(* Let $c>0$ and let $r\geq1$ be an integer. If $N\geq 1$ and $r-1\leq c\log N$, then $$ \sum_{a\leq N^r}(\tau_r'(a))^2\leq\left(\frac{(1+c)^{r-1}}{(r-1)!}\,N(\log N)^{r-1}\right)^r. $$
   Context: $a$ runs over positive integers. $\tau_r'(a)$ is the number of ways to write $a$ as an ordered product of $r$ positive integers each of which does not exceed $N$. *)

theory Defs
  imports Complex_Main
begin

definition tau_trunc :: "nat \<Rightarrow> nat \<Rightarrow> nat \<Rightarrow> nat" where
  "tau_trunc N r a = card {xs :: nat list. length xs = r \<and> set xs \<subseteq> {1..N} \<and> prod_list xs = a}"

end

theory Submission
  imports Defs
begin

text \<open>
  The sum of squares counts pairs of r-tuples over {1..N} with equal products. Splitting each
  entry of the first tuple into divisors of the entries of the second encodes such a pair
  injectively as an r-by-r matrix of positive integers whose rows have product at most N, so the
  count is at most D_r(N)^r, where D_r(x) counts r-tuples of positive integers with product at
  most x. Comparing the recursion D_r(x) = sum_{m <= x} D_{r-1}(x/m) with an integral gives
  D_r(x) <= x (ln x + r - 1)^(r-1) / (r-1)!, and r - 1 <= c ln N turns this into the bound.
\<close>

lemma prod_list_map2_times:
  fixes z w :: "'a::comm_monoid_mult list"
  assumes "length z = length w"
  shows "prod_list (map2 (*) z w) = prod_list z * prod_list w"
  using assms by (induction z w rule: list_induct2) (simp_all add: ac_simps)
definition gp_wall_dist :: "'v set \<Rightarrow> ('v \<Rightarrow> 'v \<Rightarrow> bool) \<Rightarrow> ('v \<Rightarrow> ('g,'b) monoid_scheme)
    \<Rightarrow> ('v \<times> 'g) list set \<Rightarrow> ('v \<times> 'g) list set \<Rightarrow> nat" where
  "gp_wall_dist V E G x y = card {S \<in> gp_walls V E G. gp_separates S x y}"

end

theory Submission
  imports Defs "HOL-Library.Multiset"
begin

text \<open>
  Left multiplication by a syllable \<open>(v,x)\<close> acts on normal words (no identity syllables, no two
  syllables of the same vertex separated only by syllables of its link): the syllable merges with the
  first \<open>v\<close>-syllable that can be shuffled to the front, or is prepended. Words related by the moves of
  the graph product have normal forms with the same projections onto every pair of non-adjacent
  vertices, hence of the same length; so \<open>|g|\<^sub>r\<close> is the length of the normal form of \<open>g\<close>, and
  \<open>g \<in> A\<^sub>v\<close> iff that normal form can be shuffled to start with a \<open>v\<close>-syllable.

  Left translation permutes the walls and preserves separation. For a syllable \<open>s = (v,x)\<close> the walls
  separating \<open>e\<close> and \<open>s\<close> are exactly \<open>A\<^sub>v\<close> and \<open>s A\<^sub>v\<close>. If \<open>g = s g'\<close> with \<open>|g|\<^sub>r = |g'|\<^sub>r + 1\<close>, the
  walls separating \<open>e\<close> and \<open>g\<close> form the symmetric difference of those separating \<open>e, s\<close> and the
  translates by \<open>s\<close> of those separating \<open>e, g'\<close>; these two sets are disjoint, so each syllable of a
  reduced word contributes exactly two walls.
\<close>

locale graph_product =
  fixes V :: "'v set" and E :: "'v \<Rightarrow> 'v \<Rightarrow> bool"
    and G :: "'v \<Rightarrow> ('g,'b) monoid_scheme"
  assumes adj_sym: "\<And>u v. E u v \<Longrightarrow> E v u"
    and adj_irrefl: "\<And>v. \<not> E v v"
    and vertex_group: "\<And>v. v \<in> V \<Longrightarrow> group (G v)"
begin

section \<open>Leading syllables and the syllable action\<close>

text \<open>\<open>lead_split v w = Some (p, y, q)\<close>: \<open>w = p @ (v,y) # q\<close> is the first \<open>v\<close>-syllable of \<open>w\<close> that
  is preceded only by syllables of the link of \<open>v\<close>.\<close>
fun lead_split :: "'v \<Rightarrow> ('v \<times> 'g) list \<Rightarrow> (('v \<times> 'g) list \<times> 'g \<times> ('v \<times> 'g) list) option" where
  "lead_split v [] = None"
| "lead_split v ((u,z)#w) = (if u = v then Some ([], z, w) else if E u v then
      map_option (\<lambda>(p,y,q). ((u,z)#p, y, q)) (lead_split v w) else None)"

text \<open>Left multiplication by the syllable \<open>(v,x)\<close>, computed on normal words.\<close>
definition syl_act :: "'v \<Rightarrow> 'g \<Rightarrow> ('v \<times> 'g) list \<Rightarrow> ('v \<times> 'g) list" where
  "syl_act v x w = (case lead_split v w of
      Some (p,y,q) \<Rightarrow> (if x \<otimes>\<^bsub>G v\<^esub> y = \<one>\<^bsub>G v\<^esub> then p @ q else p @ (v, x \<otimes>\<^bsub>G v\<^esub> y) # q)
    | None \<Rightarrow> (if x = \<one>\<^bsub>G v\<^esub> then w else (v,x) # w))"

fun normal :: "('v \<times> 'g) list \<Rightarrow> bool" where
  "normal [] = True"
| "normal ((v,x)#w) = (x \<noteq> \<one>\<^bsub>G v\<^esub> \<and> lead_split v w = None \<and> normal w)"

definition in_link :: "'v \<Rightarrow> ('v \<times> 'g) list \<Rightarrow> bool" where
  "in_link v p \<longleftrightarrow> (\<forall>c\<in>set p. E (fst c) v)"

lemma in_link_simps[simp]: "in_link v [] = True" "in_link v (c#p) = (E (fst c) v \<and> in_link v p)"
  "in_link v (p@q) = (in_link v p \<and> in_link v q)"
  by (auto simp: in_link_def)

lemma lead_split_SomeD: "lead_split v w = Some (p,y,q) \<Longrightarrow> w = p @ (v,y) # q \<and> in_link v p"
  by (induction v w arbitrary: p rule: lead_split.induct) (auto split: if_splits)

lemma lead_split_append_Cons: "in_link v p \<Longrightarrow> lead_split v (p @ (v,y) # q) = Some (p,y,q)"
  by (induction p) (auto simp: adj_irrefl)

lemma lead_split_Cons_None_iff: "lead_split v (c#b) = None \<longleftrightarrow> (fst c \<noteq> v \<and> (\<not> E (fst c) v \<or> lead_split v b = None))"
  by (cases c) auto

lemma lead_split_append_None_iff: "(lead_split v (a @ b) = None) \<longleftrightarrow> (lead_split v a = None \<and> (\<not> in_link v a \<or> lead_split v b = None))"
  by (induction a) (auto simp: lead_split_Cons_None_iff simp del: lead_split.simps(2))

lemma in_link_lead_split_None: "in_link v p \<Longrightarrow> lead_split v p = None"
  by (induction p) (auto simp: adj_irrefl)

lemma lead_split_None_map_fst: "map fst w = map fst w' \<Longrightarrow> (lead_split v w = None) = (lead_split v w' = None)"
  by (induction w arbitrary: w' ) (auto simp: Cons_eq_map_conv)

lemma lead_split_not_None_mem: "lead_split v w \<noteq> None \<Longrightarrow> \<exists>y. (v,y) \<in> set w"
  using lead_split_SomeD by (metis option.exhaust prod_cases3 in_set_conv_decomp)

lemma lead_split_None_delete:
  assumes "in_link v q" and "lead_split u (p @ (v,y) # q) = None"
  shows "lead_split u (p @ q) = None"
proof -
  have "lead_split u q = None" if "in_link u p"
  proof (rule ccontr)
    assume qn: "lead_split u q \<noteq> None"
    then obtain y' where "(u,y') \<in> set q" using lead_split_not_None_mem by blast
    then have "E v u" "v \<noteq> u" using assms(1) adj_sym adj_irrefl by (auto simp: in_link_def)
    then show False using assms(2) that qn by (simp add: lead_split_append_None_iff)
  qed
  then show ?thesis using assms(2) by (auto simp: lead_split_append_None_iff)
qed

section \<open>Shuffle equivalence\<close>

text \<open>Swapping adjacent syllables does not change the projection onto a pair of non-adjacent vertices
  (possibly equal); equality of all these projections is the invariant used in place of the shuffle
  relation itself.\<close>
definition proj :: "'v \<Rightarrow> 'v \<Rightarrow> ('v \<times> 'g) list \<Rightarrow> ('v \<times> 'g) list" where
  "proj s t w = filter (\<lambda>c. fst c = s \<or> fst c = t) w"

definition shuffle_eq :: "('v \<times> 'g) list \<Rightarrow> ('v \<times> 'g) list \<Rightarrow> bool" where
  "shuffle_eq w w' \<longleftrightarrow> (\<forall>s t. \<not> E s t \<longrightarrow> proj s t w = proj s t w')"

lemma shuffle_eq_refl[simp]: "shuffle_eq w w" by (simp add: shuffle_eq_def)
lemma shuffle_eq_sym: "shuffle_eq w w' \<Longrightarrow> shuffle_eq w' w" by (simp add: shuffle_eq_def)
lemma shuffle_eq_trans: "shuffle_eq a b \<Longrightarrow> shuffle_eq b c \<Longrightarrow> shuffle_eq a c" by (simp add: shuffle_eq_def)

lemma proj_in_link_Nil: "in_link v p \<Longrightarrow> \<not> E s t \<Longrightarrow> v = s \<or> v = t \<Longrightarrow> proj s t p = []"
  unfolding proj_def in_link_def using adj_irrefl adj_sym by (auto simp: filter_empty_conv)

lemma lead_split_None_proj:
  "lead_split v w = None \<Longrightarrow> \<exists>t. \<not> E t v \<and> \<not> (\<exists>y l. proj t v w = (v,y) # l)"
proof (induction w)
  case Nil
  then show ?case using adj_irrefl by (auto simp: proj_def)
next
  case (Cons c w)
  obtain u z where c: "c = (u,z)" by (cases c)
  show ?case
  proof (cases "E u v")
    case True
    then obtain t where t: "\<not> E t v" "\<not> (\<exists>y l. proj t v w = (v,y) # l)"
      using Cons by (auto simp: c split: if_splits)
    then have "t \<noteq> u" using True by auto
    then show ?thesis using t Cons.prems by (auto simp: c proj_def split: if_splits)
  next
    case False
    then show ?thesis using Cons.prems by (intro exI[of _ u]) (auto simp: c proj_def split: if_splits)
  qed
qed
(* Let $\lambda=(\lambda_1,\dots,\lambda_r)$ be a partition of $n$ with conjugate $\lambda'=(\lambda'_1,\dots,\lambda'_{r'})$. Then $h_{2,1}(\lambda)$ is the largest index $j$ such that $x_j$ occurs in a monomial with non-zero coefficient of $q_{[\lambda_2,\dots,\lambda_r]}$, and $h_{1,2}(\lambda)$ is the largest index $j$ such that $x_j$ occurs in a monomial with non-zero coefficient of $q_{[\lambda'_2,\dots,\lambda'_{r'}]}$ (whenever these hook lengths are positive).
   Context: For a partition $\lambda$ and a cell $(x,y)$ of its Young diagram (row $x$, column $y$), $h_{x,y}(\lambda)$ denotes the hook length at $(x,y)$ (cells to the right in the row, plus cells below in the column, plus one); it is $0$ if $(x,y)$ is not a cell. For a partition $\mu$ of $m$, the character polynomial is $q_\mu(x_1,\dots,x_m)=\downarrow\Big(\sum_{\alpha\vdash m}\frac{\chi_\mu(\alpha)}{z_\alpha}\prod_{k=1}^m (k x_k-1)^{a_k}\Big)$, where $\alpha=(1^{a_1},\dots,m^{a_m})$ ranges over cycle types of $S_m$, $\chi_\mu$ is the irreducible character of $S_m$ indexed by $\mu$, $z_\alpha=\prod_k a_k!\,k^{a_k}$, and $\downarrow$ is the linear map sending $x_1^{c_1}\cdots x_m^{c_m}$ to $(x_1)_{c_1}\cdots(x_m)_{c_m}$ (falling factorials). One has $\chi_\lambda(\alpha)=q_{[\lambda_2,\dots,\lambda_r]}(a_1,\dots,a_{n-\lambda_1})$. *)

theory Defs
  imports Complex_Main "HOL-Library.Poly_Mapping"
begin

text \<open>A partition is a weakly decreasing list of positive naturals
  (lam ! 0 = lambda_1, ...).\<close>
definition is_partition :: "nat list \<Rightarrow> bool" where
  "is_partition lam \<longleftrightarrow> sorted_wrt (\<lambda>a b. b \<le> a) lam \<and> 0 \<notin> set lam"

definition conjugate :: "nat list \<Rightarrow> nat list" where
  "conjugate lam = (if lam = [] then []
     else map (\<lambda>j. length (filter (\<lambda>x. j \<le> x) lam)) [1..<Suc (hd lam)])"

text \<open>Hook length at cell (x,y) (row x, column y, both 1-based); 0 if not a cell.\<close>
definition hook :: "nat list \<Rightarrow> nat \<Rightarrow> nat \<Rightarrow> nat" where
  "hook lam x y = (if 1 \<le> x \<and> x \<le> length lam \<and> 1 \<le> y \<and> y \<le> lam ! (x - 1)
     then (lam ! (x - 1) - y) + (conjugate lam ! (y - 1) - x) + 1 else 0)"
════════════════
→ What to do
Take the records above and return, word for word, only the lines that fall from the line with "list \<Rightarrow> (('v" to the line with "(x \<noteq> \<one>\<^bsub>G", both of them included.

→ Response to this task
fun lead_split :: "'v \<Rightarrow> ('v \<times> 'g) list \<Rightarrow> (('v \<times> 'g) list \<times> 'g \<times> ('v \<times> 'g) list) option" where
  "lead_split v [] = None"
| "lead_split v ((u,z)#w) = (if u = v then Some ([], z, w) else if E u v then
      map_option (\<lambda>(p,y,q). ((u,z)#p, y, q)) (lead_split v w) else None)"

text \<open>Left multiplication by the syllable \<open>(v,x)\<close>, computed on normal words.\<close>
definition syl_act :: "'v \<Rightarrow> 'g \<Rightarrow> ('v \<times> 'g) list \<Rightarrow> ('v \<times> 'g) list" where
  "syl_act v x w = (case lead_split v w of
      Some (p,y,q) \<Rightarrow> (if x \<otimes>\<^bsub>G v\<^esub> y = \<one>\<^bsub>G v\<^esub> then p @ q else p @ (v, x \<otimes>\<^bsub>G v\<^esub> y) # q)
    | None \<Rightarrow> (if x = \<one>\<^bsub>G v\<^esub> then w else (v,x) # w))"

fun normal :: "('v \<times> 'g) list \<Rightarrow> bool" where
  "normal [] = True"
| "normal ((v,x)#w) = (x \<noteq> \<one>\<^bsub>G v\<^esub> \<and> lead_split v w = None \<and> normal w)"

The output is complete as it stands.